(Collected data)
§

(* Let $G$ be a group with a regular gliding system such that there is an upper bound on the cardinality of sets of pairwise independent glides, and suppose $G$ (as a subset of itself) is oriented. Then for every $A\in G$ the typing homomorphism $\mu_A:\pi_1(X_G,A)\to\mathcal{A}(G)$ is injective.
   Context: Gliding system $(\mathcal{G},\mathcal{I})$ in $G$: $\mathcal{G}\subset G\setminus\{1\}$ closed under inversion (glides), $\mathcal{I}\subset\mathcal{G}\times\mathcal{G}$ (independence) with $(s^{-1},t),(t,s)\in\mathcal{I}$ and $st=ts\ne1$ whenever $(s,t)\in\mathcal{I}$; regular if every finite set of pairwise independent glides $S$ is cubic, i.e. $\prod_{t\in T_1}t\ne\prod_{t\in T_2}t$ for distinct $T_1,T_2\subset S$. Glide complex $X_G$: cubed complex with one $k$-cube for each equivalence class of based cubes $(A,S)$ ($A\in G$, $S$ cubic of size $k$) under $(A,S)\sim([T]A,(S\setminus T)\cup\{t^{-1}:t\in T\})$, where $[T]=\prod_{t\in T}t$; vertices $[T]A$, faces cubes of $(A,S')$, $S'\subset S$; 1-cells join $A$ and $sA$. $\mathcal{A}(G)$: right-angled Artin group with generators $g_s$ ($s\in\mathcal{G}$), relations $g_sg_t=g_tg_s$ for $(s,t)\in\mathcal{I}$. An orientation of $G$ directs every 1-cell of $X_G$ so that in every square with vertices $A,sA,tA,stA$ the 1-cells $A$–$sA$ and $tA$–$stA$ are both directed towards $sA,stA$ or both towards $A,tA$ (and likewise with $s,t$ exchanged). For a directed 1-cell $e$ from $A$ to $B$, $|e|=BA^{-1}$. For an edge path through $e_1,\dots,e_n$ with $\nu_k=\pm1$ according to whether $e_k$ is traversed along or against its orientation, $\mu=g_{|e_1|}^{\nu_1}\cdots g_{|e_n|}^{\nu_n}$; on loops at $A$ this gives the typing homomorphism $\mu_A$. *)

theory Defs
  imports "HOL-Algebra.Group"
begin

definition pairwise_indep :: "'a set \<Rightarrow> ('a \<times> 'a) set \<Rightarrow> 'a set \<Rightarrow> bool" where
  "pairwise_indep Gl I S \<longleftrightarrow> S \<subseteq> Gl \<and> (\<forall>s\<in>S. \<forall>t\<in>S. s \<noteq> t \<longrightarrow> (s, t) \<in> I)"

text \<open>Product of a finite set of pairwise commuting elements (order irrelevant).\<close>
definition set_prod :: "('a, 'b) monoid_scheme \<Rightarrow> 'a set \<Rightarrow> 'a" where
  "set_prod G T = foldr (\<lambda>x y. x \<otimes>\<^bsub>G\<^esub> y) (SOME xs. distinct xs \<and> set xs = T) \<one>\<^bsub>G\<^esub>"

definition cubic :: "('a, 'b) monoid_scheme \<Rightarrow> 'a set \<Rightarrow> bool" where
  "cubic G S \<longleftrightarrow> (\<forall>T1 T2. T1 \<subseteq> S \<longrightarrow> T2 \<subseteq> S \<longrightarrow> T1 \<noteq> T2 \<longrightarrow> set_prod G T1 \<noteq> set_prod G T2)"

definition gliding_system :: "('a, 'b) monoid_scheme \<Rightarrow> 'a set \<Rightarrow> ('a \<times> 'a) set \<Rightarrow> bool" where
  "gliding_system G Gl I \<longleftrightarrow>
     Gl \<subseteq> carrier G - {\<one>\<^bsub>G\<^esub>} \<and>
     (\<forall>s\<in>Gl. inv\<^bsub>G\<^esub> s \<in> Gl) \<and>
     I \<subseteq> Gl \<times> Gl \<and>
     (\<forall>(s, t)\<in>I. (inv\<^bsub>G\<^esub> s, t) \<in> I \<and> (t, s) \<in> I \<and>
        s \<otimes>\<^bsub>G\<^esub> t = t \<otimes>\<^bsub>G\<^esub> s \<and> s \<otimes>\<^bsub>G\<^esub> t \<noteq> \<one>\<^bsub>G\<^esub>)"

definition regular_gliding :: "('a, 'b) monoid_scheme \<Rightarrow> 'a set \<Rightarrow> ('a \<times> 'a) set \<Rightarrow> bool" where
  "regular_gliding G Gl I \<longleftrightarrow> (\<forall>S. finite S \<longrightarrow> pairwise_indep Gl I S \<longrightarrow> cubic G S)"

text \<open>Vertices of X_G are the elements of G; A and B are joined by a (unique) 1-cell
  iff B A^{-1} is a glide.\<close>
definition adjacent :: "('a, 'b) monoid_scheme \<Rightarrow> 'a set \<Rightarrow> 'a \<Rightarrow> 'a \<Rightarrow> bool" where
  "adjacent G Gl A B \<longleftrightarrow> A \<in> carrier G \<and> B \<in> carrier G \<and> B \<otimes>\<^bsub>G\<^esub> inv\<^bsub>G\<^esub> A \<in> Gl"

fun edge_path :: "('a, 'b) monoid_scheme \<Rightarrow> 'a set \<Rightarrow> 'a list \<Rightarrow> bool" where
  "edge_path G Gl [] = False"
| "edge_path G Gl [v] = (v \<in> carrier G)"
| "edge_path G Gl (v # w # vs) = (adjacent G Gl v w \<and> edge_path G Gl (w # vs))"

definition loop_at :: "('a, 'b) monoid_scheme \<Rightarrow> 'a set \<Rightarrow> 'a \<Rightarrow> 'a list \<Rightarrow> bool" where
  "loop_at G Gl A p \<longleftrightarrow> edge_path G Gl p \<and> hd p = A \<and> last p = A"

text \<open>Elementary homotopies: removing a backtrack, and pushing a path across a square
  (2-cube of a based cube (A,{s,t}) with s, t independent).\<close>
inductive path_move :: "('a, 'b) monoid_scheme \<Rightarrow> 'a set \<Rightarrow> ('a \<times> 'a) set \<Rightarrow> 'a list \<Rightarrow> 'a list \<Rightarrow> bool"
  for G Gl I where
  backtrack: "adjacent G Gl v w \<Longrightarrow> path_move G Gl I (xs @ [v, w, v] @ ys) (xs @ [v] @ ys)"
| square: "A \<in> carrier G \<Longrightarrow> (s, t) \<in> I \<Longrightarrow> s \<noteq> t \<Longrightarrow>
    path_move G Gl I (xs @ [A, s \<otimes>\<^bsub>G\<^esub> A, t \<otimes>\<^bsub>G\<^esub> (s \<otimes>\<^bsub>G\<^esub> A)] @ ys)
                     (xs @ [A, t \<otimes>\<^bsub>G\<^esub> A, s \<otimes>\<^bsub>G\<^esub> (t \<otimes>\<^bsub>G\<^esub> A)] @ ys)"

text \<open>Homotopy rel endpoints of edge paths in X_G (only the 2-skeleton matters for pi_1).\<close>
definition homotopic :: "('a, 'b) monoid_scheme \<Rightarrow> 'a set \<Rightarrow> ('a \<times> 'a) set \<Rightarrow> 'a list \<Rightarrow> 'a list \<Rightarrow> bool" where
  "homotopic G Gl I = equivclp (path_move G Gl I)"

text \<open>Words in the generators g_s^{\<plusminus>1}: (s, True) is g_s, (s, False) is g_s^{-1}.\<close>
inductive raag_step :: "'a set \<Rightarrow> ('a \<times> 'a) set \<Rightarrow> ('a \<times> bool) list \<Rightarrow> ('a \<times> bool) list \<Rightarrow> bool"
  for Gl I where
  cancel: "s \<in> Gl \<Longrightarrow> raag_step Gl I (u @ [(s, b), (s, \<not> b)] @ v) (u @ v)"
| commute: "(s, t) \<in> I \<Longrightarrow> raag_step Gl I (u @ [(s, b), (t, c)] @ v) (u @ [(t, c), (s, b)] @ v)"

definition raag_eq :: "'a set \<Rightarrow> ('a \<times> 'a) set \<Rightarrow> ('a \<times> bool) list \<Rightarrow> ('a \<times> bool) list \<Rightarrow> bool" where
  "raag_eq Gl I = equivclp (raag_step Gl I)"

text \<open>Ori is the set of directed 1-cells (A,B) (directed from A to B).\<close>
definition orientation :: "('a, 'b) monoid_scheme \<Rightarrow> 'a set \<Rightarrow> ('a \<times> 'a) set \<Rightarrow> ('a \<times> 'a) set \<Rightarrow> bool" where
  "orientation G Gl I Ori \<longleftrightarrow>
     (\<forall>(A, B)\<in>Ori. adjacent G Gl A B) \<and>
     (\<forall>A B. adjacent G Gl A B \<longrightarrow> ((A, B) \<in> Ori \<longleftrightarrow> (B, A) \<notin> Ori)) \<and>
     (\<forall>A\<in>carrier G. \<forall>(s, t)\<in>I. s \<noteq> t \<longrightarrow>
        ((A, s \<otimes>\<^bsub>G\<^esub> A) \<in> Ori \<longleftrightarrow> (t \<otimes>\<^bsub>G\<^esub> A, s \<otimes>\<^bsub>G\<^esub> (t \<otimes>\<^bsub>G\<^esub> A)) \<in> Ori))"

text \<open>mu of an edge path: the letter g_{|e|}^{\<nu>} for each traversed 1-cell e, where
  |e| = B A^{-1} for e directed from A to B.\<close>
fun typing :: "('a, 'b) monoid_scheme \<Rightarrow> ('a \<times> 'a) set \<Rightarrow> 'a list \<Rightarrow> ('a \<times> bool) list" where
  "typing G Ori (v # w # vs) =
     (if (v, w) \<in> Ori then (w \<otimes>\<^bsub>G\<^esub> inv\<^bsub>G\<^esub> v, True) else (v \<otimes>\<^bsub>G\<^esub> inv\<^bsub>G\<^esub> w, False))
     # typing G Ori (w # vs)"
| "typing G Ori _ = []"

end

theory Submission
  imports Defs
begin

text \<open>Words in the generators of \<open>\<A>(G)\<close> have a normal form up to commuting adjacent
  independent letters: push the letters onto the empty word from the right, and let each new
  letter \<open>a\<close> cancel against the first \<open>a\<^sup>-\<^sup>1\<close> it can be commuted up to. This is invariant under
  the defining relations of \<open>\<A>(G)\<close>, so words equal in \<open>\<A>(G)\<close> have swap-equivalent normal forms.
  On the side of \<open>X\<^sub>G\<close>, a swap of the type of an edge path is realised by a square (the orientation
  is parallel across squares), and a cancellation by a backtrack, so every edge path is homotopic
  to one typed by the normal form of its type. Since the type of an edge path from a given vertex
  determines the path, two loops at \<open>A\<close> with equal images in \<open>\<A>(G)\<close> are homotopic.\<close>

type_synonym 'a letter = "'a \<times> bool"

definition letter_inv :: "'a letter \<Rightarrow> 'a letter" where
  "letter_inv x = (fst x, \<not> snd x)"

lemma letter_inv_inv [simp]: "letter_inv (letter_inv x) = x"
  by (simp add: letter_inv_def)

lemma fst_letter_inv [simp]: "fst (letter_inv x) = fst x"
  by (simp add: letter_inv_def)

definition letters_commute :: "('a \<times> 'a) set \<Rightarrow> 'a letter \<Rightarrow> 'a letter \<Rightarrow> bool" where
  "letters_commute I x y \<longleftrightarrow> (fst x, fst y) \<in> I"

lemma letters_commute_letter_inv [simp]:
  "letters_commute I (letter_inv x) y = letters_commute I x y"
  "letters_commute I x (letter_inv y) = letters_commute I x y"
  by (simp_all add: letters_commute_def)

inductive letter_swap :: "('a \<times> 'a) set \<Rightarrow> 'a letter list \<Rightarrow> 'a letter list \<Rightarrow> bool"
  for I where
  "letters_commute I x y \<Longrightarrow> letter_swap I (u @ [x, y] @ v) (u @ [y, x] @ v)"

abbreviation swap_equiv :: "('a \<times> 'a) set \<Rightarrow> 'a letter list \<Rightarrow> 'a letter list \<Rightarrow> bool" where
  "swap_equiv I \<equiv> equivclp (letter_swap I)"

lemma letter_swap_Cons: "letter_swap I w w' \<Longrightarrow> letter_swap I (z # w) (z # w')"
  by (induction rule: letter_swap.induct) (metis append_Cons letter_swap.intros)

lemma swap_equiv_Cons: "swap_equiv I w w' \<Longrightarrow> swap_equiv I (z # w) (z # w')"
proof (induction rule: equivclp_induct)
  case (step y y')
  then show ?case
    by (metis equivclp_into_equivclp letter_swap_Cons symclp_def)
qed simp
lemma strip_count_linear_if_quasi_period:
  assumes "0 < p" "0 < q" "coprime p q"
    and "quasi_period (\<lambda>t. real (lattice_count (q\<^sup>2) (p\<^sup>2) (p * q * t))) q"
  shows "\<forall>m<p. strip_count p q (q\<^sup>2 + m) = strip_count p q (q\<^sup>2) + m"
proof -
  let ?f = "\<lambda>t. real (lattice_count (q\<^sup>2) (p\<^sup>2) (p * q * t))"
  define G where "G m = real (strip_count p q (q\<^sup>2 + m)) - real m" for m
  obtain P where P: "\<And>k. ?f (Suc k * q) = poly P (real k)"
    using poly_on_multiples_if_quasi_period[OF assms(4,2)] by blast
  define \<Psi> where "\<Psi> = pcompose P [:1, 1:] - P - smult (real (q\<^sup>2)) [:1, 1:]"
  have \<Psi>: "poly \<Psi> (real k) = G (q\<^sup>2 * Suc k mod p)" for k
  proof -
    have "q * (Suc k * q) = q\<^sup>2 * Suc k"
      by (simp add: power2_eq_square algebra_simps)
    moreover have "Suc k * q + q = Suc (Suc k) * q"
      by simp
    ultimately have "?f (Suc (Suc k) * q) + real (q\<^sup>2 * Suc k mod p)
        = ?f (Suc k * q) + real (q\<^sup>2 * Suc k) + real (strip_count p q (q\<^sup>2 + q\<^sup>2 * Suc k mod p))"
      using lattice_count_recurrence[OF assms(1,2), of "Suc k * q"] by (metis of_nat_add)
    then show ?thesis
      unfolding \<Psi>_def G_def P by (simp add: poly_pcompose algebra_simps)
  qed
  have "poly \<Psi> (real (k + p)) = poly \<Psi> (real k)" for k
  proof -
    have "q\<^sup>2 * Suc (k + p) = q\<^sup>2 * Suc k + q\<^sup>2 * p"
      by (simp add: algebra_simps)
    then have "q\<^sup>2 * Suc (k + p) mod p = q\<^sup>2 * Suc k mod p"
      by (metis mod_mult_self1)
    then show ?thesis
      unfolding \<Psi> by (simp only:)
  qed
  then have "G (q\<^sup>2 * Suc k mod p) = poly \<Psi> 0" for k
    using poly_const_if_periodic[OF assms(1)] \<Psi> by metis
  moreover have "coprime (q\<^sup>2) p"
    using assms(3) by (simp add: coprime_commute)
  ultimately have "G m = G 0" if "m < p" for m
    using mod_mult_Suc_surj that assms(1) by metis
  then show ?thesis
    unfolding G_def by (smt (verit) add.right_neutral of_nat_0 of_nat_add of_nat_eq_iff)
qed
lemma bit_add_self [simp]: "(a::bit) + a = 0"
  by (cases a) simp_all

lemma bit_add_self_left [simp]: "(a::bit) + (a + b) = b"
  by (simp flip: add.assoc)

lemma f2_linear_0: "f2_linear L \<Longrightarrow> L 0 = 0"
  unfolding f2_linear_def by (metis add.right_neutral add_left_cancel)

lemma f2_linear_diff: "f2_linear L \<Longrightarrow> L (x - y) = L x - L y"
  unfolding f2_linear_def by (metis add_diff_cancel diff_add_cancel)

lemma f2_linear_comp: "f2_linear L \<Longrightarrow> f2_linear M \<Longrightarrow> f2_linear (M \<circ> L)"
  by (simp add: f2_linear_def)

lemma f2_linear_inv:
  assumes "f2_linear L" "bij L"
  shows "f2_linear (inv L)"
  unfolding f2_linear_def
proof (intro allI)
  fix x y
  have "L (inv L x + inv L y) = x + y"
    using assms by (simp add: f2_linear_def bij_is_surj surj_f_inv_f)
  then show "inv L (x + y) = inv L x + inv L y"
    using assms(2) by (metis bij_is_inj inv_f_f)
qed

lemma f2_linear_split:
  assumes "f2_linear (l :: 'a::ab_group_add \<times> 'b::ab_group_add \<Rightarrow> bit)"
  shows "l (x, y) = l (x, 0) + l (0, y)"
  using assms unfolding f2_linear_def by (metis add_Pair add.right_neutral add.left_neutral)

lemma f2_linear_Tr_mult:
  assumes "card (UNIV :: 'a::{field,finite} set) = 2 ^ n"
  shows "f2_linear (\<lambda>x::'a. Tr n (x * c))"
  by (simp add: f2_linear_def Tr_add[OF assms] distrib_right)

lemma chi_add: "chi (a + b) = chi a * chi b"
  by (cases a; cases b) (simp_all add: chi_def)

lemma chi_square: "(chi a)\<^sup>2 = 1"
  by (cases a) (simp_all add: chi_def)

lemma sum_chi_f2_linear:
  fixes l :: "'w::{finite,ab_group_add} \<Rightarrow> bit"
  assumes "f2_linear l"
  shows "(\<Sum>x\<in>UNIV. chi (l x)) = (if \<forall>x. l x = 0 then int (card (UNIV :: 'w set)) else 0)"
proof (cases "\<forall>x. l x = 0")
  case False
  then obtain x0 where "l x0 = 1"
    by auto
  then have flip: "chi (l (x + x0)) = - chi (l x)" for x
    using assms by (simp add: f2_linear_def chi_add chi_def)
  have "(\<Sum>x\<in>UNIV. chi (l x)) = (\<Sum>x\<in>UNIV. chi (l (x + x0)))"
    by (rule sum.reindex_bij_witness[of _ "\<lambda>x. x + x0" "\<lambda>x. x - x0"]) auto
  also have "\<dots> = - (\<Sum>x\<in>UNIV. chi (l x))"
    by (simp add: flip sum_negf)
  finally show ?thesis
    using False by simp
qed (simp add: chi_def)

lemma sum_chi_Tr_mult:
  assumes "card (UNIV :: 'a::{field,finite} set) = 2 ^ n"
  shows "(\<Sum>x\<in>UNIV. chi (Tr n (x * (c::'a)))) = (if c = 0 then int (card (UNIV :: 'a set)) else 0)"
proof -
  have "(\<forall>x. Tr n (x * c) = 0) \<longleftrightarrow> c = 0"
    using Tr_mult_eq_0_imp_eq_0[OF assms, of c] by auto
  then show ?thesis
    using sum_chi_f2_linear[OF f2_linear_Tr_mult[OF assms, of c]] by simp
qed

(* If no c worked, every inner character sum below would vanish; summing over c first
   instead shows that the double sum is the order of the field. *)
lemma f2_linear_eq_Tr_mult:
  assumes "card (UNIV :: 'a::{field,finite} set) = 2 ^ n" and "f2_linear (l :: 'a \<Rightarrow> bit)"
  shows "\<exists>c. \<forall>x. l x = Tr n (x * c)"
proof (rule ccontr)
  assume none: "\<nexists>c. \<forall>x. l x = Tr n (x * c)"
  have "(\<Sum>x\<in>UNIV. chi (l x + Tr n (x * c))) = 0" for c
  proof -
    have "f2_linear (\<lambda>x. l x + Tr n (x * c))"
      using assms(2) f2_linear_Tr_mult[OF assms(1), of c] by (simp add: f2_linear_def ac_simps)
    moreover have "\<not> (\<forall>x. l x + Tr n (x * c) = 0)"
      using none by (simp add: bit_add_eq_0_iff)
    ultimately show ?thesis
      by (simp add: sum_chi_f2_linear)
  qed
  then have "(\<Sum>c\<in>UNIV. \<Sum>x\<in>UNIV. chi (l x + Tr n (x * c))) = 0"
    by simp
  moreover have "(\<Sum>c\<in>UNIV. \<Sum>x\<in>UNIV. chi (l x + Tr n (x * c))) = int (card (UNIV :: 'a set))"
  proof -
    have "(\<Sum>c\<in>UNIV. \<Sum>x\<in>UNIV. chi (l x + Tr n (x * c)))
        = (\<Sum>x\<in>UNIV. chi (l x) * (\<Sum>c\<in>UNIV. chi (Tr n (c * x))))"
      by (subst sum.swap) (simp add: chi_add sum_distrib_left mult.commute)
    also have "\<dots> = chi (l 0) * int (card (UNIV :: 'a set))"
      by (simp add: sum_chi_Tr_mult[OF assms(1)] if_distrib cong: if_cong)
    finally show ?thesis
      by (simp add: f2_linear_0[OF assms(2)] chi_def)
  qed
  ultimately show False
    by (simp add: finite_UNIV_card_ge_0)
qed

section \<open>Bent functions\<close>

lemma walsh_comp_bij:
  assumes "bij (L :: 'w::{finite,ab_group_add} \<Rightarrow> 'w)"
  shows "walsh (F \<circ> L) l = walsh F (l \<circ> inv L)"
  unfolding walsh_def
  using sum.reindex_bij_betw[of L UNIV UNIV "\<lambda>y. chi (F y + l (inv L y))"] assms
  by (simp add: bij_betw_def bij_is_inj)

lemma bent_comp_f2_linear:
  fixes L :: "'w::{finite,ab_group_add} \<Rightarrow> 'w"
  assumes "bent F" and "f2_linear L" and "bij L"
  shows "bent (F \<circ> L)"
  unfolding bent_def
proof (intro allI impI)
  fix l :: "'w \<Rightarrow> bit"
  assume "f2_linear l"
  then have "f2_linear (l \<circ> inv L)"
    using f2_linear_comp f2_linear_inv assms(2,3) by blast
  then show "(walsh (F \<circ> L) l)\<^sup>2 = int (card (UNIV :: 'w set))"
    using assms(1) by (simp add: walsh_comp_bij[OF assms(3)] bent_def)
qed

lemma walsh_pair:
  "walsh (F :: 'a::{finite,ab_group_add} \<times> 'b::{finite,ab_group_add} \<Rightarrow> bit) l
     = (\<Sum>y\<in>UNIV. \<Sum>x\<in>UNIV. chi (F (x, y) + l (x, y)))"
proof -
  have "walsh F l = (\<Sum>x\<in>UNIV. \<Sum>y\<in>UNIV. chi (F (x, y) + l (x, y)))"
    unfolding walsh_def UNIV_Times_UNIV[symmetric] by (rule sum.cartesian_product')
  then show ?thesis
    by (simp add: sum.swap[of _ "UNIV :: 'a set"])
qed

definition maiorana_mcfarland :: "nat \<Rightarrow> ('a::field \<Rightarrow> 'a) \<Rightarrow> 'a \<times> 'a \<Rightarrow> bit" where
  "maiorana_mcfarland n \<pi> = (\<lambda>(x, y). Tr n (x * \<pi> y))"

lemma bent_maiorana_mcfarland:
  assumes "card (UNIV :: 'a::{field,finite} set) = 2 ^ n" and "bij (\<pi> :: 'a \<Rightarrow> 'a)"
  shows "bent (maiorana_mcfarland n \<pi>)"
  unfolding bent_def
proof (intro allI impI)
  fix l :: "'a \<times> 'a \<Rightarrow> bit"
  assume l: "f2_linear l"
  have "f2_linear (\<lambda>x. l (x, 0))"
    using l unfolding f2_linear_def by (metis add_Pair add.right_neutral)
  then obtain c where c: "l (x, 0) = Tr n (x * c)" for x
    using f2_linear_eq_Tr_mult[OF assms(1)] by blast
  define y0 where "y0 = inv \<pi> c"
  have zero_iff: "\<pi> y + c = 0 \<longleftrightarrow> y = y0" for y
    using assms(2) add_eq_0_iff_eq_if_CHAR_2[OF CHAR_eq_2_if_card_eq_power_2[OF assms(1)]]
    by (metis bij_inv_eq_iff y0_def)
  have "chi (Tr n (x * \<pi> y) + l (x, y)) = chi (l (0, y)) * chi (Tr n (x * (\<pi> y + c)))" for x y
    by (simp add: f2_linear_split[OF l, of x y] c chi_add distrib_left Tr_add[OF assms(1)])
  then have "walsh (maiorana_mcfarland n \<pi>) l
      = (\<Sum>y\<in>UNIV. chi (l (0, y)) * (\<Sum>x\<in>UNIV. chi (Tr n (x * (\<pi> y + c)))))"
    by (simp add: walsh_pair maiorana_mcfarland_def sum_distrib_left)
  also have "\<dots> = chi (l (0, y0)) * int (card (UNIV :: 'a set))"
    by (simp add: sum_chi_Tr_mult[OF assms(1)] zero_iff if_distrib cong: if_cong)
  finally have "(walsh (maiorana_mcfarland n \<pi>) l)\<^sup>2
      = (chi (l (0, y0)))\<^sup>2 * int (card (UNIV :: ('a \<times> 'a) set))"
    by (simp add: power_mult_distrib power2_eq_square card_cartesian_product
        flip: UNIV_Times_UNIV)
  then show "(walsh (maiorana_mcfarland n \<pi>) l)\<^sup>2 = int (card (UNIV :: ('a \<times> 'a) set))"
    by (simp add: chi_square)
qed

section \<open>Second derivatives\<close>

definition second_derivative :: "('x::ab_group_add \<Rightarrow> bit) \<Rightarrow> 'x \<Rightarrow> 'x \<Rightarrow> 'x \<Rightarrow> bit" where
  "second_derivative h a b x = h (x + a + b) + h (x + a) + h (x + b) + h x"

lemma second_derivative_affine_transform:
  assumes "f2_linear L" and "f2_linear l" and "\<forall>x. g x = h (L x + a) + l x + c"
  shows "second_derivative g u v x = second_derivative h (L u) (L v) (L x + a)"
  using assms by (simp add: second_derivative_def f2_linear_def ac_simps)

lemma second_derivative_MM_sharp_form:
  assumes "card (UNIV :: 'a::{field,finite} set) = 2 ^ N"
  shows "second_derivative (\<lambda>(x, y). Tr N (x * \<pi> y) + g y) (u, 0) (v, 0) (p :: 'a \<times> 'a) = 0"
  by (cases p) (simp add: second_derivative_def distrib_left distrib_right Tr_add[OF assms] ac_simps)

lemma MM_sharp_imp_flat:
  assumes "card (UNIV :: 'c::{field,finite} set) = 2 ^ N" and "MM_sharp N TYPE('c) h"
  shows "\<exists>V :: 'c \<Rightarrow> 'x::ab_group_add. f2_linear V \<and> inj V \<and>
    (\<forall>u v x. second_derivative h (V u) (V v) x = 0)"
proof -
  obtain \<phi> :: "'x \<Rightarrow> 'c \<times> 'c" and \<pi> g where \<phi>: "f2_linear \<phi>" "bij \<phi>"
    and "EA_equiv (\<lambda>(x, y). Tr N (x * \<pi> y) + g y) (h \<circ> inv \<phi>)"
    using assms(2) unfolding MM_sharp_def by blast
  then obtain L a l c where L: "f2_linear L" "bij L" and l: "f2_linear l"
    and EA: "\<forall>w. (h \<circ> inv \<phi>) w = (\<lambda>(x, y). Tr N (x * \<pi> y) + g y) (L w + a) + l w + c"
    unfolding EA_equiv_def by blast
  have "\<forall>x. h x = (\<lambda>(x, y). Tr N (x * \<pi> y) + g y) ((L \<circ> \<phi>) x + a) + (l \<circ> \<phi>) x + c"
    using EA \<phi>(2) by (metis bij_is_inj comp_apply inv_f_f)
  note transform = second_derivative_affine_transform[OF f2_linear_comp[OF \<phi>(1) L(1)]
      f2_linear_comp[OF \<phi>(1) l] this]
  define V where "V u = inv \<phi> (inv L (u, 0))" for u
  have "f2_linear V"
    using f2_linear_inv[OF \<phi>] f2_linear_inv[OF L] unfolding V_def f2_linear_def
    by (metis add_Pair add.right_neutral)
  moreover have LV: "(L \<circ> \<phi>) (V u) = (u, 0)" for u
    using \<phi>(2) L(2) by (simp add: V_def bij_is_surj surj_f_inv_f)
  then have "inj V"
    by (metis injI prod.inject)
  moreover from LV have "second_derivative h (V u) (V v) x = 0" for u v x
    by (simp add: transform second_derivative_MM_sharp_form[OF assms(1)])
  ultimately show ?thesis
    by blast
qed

§

# REQUIREMENT:
Reproduce only the lines above spanning from the line containing "Gl \<subseteq> carrier" through the line containing "(\<forall>(s, t)\<in>I. (inv\<^bsub>G\<^esub>", word for word.

# SOLUTION FOR THIS EXERCISE:
     Gl \<subseteq> carrier G - {\<one>\<^bsub>G\<^esub>} \<and>
     (\<forall>s\<in>Gl. inv\<^bsub>G\<^esub> s \<in> Gl) \<and>
     I \<subseteq> Gl \<times> Gl \<and>
     (\<forall>(s, t)\<in>I. (inv\<^bsub>G\<^esub> s, t) \<in> I \<and> (t, s) \<in> I \<and>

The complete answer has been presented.